MELBOURNE - Olympic champion Anna Meares is confident she will prove her fitness before the Beijing Games after breaking her neck in a horrific fall in January.

The Australian, who has not raced since the crash in Los Angeles that left her with a fractured neck vertebrae, needs to clock a 200 metres time of 11.7 seconds at a track event in Melbourne on June 12 to be selected.

The 24-year-old, who had to withdraw from Australia's squad for the world championships in March, understands the situation.

"It is a gettable time, given my personal best is 11.1," Meares told reporters on Wednesday.

"I haven't done a time trial since I had my crash and only been working on my strength at the moment so the speed is lagging (and) that is something I will be working on in the next four weeks to make sure that 11.7 is done.

"It is totally understandable from the selectors point of view. They don't want to send someone who fractured their neck and hasn't raced to an Olympic Games."

Meares, the Athens 500m time trial champion and sprint bronze medallist, has been forced to concentrate on the sprint after her favoured time trial was dropped from the Beijing programme.

SOME TREPIDATION

She admits to some trepidation about getting back on a bike after her accident.

"The first thoughts were of the wheels slipping again and that was something they made me do when I got back on the track.

"I've been very up and down. I have had lots of tough times and lots of really good times as well.

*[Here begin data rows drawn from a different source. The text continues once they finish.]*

definition dpair :: "(real^'n \<Rightarrow> real) \<Rightarrow> (real^'n \<Rightarrow> real) \<Rightarrow> real^'n \<Rightarrow> real" where
  "dpair p q x = (\<Sum>j\<in>UNIV. pderiv_fun p j x * pderiv_fun q j x)"

definition homogeneous_fun :: "(real^'n \<Rightarrow> real) \<Rightarrow> bool" where
  "homogeneous_fun p \<longleftrightarrow> (\<exists>d::nat. d > 0 \<and> (\<forall>t x. p (t *\<^sub>R x) = t ^ d * p x))"

definition fundamental_invariants ::
    "(real^'n^'n) set \<Rightarrow> ('m::finite \<Rightarrow> real^'n \<Rightarrow> real) \<Rightarrow> bool" where
  "fundamental_invariants G \<pi> \<longleftrightarrow>
     (\<forall>i. \<pi> i \<in> inv_polys G \<and> homogeneous_fun (\<pi> i))
   \<and> inv_polys G = alg_gen (range \<pi>)
   \<and> (\<forall>i. \<pi> i \<notin> alg_gen (\<pi> ` (UNIV - {i})))"

definition hilbert_map :: "('m \<Rightarrow> real^'n \<Rightarrow> real) \<Rightarrow> real^'n \<Rightarrow> real^'m" where
  "hilbert_map \<pi> x = (\<chi> i. \<pi> i x)"

definition relation_ideal :: "('m::finite \<Rightarrow> real^'n \<Rightarrow> real) \<Rightarrow> (real^'m \<Rightarrow> real) set" where
  "relation_ideal \<pi> = {g \<in> polys. \<forall>x. g (hilbert_map \<pi> x) = 0}"

definition real_zero_set :: "('a \<Rightarrow> real) set \<Rightarrow> 'a set" where
  "real_zero_set I = {z. \<forall>g\<in>I. g z = 0}"

definition phi_z :: "('m::finite \<Rightarrow> real^'n \<Rightarrow> real) \<Rightarrow> real^'m \<Rightarrow> (real^'n \<Rightarrow> real) \<Rightarrow> real" where
  "phi_z \<pi> z f = (SOME c. \<exists>g\<in>polys. (\<forall>x. f x = g (hilbert_map \<pi> x)) \<and> c = g z)"

definition M_Pi :: "('m \<Rightarrow> real^'n \<Rightarrow> real) \<Rightarrow> (real^'n \<Rightarrow> real)^'m^'m" where
  "M_Pi \<pi> = (\<chi> i j. dpair (\<pi> i) (\<pi> j))"

definition psd :: "real^'m^'m \<Rightarrow> bool" where
  "psd A \<longleftrightarrow> (\<forall>v. 0 \<le> v \<bullet> (A *v v))"

definition ring_hom_on :: "('a \<Rightarrow> real) set \<Rightarrow> (('a \<Rightarrow> real) \<Rightarrow> real) \<Rightarrow> bool" where
  "ring_hom_on R \<phi> \<longleftrightarrow> \<phi> (\<lambda>x. 1) = 1
     \<and> (\<forall>f\<in>R. \<forall>g\<in>R. \<phi> (\<lambda>x. f x + g x) = \<phi> f + \<phi> g)
     \<and> (\<forall>f\<in>R. \<forall>g\<in>R. \<phi> (\<lambda>x. f x * g x) = \<phi> f * \<phi> g)"

end

theory Submission
  imports Defs
begin

text \<open>Both conditions are statements about points of the real zero set of the relation ideal.
  A ring homomorphism \<phi> on R[X]^G = R[pi_1, ..., pi_m] is determined by z = (\<phi>(pi_i))_i, these
  points range exactly over that zero set, and \<phi> = phi_z \<pi> z. Since R has no ring endomorphisms
  besides the identity, a ring homomorphism on R[X] is evaluation at a point, so \<phi> extends iff
  z lies in the image of the Hilbert map. Since G is orthogonal, the entries of M_Pi are invariant,
  and by the chain rule \<phi>(<d(g o \<Pi>), d(g o \<Pi>)>) is the quadratic form of phi_z(M_Pi) evaluated
  at the gradient of g at z; taking g linear yields every vector, so \<phi>(<df, df>) \<ge> 0 for all
  invariants f iff phi_z(M_Pi) is positive semi-definite. Thus (ii) states pointwise on the zero
  set what (i) states as an equality of sets.\<close>

lemma real_ring_endo_mono:
  fixes h :: "real \<Rightarrow> real"
  assumes add: "\<And>a b. h (a + b) = h a + h b" and mult: "\<And>a b. h (a * b) = h a * h b"
    and "a \<le> b"
  shows "h a \<le> h b"
proof -
  have "b - a = sqrt (b - a) * sqrt (b - a)"
    using \<open>a \<le> b\<close> by simp
  then have "h (b - a) = h (sqrt (b - a)) * h (sqrt (b - a))"
    by (metis mult)
  moreover have "h b = h (b - a) + h a"
    using add[of "b - a" a] by simp
  ultimately show ?thesis
    by (simp add: add_increasing)
qed

lemma real_ring_endo_fixes_Rats:
  fixes h :: "real \<Rightarrow> real"
  assumes add: "\<And>a b. h (a + b) = h a + h b" and mult: "\<And>a b. h (a * b) = h a * h b"
    and one: "h 1 = 1" and "r \<in> \<rat>"
  shows "h r = r"
proof -
  have zero: "h 0 = 0"
    using add[of 0 0] by simp
  then have neg: "h (- a) = - h a" for a
    using add[of a "- a"] by simp
  have "h (of_nat k) = of_nat k" for k
    by (induction k) (simp_all add: zero add one)
  then have int: "h (of_int k) = of_int k" for k
    by (cases k rule: int_cases2) (simp_all add: neg)
  obtain p q where "q > 0" and r: "r = of_int p / of_int q"
    using \<open>r \<in> \<rat>\<close> by (auto elim: Rats_cases')
  then have "h r * of_int q = r * of_int q"
    using mult[of r "of_int q"] int[of p] int[of q] by simp
  then show ?thesis
    using \<open>q > 0\<close> by simp
qed

lemma real_ring_endo_id:
  fixes h :: "real \<Rightarrow> real"
  assumes add: "\<And>a b. h (a + b) = h a + h b" and mult: "\<And>a b. h (a * b) = h a * h b"
    and one: "h 1 = 1"
  shows "h c = c"
proof (rule ccontr)
  assume "h c \<noteq> c"
  then consider "h c < c" | "c < h c" by linarith
  then show False
  proof cases
    case 1
    then obtain r where "r \<in> \<rat>" "h c < r" "r < c" using Rats_dense_in_real by blast
    then show False
      using real_ring_endo_mono[OF add mult, of r c] real_ring_endo_fixes_Rats[OF add mult one] by simp
  next
    case 2
    then obtain r where "r \<in> \<rat>" "c < r" "r < h c" using Rats_dense_in_real by blast
    then show False
      using real_ring_endo_mono[OF add mult, of c r] real_ring_endo_fixes_Rats[OF add mult one] by simp
  qed
qed

lemma ring_hom_on_add:
  "ring_hom_on R \<psi> \<Longrightarrow> f \<in> R \<Longrightarrow> g \<in> R \<Longrightarrow> \<psi> (\<lambda>x. f x + g x) = \<psi> f + \<psi> g"
  unfolding ring_hom_on_def by blast

lemma ring_hom_on_mult:
  "ring_hom_on R \<psi> \<Longrightarrow> f \<in> R \<Longrightarrow> g \<in> R \<Longrightarrow> \<psi> (\<lambda>x. f x * g x) = \<psi> f * \<psi> g"
  unfolding ring_hom_on_def by blast

text \<open>ring_hom_on asks only for additivity and multiplicativity; R-linearity comes for free
  because the identity is the only ring endomorphism of R.\<close>
lemma ring_hom_on_const:
  assumes "ring_hom_on (alg_gen C) \<psi>"
  shows "\<psi> (\<lambda>x. c) = c"
  using real_ring_endo_id[where h = "\<lambda>c. \<psi> (\<lambda>x. c)"]
    ring_hom_on_add[OF assms alg_gen.const alg_gen.const]
    ring_hom_on_mult[OF assms alg_gen.const alg_gen.const] assms
  unfolding ring_hom_on_def by blast

lemma alg_gen_sum:
  assumes "finite S" "\<And>i. i \<in> S \<Longrightarrow> f i \<in> alg_gen C"
  shows "(\<lambda>x. \<Sum>i\<in>S. f i x) \<in> alg_gen C"
  using assms by (induction S rule: finite_induct) (simp_all add: alg_gen.const alg_gen.add)

lemma ring_hom_on_sum:
  assumes hom: "ring_hom_on (alg_gen C) \<psi>"
    and "finite S" "\<And>i. i \<in> S \<Longrightarrow> f i \<in> alg_gen C"
  shows "\<psi> (\<lambda>x. \<Sum>i\<in>S. f i x) = (\<Sum>i\<in>S. \<psi> (f i))"
  using assms(2,3)
proof (induction S rule: finite_induct)
  case empty
  then show ?case using ring_hom_on_const[OF hom] by simp
next
  case (insert a S)
  then show ?case
    using ring_hom_on_add[OF hom _ alg_gen_sum[of S f C]] by simp
qed

lemma alg_gen_compose:
  fixes c :: "'i::finite \<Rightarrow> 'a \<Rightarrow> real"
  assumes "g \<in> polys"
  shows "(\<lambda>x. g (\<chi> i. c i x)) \<in> alg_gen (range c)"
  using assms unfolding polys_def
  by induction (auto intro: alg_gen.intros)

lemma ring_hom_on_compose:
  fixes c :: "'i::finite \<Rightarrow> 'a \<Rightarrow> real"
  assumes hom: "ring_hom_on (alg_gen (range c)) \<psi>" and "g \<in> polys"
  shows "\<psi> (\<lambda>x. g (\<chi> i. c i x)) = g (\<chi> i. \<psi> (c i))"
  using assms(2) unfolding polys_def
proof induction
  case (const d)
  then show ?case using ring_hom_on_const[OF hom] by simp
next
  case (gen f)
  then show ?case by auto
next
  case (add f g)
  then show ?case
    using ring_hom_on_add[OF hom alg_gen_compose alg_gen_compose] by (simp add: polys_def)
next
  case (mult f g)
  then show ?case
    using ring_hom_on_mult[OF hom alg_gen_compose alg_gen_compose] by (simp add: polys_def)
qed

lemma ring_hom_on_polys_eval:
  assumes "ring_hom_on polys \<psi>" and "p \<in> polys"
  shows "\<psi> p = p (\<chi> j. \<psi> (\<lambda>x. x $ j))"
  using ring_hom_on_compose[of "\<lambda>j x. x $ j" \<psi> p] assms by (simp add: polys_def)

lemma alg_gen_range_eq_compose_polys:
  fixes \<pi> :: "'m::finite \<Rightarrow> real^'n \<Rightarrow> real"
  shows "alg_gen (range \<pi>) = (\<lambda>g x. g (hilbert_map \<pi> x)) ` polys"
proof
  show "(\<lambda>g x. g (hilbert_map \<pi> x)) ` polys \<subseteq> alg_gen (range \<pi>)"
    using alg_gen_compose[of _ \<pi>] by (auto simp: hilbert_map_def)
  show "alg_gen (range \<pi>) \<subseteq> (\<lambda>g x. g (hilbert_map \<pi> x)) ` polys"
  proof
    fix f assume "f \<in> alg_gen (range \<pi>)"
    then show "f \<in> (\<lambda>g x. g (hilbert_map \<pi> x)) ` polys"
    proof induction
      case (const c)
      then show ?case
        by (intro image_eqI[where x = "\<lambda>z. c"]) (simp_all add: polys_def alg_gen.const)
    next
      case (gen f)
      then obtain i where "f = \<pi> i" by blast
      then show ?case
        by (intro image_eqI[where x = "\<lambda>z. z $ i"]) (simp_all add: hilbert_map_def polys_def alg_gen.gen)
    next
      case (add f g)
      then obtain a b where "a \<in> polys" "b \<in> polys"
        "f = (\<lambda>x. a (hilbert_map \<pi> x))" "g = (\<lambda>x. b (hilbert_map \<pi> x))" by blast
      then show ?case
        by (intro image_eqI[where x = "\<lambda>z. a z + b z"]) (simp_all add: polys_def alg_gen.add)
    next
      case (mult f g)
      then obtain a b where "a \<in> polys" "b \<in> polys"
        "f = (\<lambda>x. a (hilbert_map \<pi> x))" "g = (\<lambda>x. b (hilbert_map \<pi> x))" by blast
      then show ?case
        by (intro image_eqI[where x = "\<lambda>z. a z * b z"]) (simp_all add: polys_def alg_gen.mult)
    qed
  qed
qed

"My team has been very good at keeping me in good spirits and they've kept me laughing and smiling and that has actually helped my recovery in the fact I wasn't constantly dwelling on the situation."

While the crash has upset her preparations for the August 8-24 Games, it has not affected her expectations.

"Everyone goes into an Olympic Games wanting to win and that is no different from me," Meares said. "But I'm not putting any added pressure on myself by saying 'you've got to win'.

"I'm going in there and faced with a challenge and have given my opponents a head start.

"But I have worked very hard to get where I am now and my expectation for Beijing is that I'm going in there to get it right and if I get it right the results should follow."